Your objective:
Quote the entries below from the line with "using insert.prems(1)[of i]" through the line with "by (rule bounded_subset[of", both ends included, and only those lines.

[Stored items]
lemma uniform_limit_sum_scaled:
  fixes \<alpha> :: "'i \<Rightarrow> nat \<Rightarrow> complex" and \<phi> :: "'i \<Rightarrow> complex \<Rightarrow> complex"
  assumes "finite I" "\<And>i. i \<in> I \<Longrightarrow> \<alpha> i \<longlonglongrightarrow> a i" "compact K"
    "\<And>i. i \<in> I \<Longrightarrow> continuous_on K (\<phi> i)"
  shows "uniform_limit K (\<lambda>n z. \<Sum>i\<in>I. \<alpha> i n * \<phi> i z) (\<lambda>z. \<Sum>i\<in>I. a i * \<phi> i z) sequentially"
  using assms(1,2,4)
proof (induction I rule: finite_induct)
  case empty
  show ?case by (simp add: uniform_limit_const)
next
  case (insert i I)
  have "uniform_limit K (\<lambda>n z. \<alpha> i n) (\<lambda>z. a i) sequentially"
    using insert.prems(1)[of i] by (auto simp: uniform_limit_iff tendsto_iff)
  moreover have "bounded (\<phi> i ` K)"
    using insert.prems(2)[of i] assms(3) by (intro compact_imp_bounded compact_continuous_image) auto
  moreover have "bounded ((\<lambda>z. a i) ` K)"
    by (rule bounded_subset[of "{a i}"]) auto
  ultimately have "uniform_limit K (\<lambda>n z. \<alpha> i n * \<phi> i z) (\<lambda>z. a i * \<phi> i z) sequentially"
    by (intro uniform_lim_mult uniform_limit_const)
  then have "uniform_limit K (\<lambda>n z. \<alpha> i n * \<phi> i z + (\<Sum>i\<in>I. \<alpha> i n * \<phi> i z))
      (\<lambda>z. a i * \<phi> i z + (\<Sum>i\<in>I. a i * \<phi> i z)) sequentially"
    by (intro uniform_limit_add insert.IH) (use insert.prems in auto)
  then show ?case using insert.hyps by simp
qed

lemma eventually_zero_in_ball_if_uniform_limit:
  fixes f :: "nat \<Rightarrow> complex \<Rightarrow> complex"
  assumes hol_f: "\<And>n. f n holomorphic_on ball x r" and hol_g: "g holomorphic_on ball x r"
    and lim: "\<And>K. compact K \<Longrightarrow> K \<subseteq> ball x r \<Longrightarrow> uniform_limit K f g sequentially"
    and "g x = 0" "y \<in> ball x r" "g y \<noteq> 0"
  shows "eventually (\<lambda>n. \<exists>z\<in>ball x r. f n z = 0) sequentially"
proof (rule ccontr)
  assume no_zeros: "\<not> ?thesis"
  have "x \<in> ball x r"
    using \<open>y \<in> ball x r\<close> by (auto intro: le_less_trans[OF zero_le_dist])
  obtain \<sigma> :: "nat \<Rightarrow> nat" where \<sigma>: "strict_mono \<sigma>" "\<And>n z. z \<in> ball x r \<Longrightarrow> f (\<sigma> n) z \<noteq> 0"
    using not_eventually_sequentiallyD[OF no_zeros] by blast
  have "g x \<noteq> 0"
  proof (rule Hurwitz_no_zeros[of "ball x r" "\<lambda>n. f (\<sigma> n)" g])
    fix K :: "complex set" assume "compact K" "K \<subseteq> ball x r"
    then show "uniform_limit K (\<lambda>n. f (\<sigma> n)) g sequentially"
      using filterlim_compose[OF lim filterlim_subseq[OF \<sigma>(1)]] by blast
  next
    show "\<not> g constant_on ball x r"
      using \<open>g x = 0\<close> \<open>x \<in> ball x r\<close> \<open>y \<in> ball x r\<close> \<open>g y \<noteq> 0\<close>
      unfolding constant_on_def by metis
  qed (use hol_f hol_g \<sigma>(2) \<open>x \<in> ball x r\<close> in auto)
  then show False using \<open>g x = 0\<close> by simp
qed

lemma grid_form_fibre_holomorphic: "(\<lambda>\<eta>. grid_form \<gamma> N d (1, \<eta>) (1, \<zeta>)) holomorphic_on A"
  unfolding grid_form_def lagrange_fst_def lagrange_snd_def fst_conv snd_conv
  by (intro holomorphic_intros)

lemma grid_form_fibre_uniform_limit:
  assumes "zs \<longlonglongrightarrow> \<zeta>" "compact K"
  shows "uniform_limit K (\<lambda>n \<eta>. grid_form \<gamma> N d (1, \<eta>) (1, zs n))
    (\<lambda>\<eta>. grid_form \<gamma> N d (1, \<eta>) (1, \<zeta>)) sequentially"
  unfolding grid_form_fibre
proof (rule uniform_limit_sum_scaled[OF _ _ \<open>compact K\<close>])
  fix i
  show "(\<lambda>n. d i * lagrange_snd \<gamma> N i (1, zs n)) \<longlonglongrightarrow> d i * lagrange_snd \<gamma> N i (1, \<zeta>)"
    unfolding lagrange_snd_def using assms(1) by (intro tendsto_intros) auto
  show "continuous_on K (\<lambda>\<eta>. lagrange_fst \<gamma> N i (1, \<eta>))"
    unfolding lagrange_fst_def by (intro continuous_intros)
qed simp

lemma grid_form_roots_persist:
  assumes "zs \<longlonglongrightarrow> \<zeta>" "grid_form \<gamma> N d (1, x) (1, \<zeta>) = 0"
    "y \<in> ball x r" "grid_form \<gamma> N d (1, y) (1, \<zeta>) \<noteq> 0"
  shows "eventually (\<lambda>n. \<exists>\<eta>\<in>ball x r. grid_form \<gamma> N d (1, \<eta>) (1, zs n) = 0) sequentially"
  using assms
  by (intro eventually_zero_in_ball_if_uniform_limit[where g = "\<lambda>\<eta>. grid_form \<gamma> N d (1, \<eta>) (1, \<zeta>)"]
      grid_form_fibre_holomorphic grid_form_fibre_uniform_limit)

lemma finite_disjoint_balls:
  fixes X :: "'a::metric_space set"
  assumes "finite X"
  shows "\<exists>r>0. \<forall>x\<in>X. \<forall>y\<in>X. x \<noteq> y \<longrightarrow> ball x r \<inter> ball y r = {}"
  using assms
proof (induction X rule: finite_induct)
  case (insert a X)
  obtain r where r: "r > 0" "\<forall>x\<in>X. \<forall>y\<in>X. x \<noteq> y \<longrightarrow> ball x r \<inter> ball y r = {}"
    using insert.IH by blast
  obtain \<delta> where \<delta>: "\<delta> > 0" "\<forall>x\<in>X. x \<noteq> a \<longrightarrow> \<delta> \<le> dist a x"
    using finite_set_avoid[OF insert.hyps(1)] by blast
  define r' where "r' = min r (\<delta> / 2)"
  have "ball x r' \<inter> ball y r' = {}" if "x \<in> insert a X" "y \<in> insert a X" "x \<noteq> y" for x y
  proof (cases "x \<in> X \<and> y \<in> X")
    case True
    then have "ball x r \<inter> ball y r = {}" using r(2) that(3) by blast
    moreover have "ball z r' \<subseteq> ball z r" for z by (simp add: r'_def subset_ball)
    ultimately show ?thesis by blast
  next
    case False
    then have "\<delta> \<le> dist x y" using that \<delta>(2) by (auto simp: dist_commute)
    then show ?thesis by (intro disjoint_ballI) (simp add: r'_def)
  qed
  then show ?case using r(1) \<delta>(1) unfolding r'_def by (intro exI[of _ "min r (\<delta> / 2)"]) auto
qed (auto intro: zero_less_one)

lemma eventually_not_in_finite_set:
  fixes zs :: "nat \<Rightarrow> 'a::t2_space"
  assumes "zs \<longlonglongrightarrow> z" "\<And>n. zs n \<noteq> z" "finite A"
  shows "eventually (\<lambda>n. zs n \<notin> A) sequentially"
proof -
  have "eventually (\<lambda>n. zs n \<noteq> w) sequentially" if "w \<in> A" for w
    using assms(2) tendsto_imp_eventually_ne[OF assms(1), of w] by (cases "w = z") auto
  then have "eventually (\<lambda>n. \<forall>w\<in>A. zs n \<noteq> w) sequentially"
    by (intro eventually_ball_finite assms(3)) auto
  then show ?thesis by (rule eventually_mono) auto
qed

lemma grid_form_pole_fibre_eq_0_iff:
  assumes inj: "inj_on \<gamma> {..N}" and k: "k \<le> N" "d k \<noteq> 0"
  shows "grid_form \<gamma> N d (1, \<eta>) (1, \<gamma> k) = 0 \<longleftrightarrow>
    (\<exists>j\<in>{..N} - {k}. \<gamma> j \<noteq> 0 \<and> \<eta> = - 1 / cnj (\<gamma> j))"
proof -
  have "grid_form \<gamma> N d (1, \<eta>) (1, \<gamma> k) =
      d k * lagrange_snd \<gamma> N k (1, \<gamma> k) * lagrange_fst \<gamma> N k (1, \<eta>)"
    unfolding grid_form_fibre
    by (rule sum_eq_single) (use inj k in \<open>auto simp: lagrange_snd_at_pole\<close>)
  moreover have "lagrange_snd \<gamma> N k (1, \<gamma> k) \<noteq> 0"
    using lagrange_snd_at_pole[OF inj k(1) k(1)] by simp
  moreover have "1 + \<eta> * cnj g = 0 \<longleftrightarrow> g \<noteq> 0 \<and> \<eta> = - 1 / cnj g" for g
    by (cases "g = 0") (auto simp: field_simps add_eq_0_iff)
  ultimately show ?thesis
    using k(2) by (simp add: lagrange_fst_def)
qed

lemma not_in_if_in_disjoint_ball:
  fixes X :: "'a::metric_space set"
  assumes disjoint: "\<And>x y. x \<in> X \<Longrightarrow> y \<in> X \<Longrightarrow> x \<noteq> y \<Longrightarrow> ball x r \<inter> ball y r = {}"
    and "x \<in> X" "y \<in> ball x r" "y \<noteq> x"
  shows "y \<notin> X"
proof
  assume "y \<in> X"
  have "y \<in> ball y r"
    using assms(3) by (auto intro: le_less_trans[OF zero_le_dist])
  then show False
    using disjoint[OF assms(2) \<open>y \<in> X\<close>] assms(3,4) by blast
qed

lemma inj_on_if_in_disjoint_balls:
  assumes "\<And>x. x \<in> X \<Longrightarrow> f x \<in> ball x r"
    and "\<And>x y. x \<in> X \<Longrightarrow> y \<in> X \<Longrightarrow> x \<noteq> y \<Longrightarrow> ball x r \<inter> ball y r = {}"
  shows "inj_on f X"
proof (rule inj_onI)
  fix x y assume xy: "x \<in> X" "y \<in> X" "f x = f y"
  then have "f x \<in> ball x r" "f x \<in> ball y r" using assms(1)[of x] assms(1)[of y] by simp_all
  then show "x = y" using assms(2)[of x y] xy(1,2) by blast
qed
--
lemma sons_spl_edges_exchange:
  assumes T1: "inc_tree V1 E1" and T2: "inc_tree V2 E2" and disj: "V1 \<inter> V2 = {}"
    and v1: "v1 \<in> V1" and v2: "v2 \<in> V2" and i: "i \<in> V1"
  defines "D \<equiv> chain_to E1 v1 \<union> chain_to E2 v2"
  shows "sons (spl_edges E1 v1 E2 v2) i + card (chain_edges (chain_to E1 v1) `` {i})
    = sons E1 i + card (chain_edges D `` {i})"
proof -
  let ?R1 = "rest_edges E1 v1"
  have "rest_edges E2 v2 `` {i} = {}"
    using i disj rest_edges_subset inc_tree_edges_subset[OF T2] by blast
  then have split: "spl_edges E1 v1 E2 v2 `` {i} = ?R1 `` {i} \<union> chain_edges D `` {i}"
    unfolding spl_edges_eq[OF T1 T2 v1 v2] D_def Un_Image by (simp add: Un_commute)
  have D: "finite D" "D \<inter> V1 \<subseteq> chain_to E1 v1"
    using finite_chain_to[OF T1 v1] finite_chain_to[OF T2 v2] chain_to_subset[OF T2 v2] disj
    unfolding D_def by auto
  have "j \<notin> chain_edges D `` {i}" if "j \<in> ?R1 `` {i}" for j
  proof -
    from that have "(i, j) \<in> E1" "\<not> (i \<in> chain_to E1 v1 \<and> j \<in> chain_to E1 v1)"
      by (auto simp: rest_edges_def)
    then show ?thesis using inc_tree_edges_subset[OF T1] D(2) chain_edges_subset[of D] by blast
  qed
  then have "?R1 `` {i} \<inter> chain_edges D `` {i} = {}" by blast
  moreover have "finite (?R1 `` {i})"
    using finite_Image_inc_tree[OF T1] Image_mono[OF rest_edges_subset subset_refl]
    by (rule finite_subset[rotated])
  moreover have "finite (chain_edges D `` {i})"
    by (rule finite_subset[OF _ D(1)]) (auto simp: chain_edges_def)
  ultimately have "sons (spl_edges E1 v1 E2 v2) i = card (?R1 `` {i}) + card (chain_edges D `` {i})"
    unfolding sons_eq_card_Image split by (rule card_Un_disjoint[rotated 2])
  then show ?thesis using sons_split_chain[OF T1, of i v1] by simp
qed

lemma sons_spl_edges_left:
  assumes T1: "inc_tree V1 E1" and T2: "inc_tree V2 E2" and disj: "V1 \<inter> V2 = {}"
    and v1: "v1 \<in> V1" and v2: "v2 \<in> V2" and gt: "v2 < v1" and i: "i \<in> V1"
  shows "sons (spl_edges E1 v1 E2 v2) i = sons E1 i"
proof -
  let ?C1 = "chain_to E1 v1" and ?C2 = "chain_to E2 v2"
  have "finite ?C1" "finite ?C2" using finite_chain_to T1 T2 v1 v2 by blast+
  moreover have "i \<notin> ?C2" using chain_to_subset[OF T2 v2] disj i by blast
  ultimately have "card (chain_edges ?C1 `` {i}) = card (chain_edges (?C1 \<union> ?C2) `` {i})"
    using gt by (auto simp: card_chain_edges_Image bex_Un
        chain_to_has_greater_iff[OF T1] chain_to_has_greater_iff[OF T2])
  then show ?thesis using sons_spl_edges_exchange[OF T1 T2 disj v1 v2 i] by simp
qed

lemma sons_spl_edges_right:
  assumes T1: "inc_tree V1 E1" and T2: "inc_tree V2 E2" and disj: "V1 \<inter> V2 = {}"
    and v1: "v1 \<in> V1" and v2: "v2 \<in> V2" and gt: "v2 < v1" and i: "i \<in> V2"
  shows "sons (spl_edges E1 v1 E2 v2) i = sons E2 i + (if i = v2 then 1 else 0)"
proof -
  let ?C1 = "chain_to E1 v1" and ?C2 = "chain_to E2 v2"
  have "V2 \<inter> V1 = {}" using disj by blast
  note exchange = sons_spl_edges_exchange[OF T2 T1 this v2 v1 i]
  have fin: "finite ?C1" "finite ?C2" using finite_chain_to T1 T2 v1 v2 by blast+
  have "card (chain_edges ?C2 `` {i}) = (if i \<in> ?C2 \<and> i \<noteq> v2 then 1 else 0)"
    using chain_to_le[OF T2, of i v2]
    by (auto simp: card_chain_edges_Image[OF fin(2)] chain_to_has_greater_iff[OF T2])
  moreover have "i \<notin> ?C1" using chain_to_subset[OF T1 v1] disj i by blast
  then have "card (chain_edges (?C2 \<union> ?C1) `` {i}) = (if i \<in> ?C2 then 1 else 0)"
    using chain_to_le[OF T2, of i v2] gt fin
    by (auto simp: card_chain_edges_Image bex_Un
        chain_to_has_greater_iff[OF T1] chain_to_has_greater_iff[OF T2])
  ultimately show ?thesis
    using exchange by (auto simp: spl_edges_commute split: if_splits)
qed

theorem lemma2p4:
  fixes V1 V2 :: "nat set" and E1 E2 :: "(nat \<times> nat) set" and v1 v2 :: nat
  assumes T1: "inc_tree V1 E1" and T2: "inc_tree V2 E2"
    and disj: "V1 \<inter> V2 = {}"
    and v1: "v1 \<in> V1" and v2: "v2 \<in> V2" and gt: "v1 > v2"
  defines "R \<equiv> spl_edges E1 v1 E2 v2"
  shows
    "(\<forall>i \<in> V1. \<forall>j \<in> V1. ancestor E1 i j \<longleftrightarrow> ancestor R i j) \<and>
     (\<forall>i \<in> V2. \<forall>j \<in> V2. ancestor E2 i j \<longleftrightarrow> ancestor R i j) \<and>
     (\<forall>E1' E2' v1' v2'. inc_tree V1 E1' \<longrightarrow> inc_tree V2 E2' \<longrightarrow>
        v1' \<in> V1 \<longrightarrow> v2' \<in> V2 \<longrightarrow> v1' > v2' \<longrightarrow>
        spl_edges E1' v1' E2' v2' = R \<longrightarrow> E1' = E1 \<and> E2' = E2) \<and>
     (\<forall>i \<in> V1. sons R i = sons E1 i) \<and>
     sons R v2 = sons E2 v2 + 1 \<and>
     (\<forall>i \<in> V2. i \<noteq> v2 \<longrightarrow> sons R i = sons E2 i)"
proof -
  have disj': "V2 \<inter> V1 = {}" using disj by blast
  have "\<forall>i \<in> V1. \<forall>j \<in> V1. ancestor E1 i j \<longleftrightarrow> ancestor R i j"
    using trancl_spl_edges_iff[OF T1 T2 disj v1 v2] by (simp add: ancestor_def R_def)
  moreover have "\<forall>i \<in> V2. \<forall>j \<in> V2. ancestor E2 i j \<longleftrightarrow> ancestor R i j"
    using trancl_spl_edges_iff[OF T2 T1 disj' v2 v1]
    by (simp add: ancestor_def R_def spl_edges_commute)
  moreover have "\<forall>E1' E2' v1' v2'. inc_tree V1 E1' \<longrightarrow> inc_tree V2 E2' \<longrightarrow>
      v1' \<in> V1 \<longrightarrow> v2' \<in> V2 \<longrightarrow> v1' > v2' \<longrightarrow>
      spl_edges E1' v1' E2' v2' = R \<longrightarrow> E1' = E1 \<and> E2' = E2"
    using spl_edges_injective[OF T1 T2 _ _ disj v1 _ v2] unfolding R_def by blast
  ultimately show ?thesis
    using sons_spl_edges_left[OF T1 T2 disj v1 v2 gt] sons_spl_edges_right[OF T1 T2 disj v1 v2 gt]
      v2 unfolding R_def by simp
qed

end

Task result:
    using insert.prems(1)[of i] by (auto simp: uniform_limit_iff tendsto_iff)
  moreover have "bounded (\<phi> i ` K)"
    using insert.prems(2)[of i] assms(3) by (intro compact_imp_bounded compact_continuous_image) auto
  moreover have "bounded ((\<lambda>z. a i) ` K)"
    by (rule bounded_subset[of "{a i}"]) auto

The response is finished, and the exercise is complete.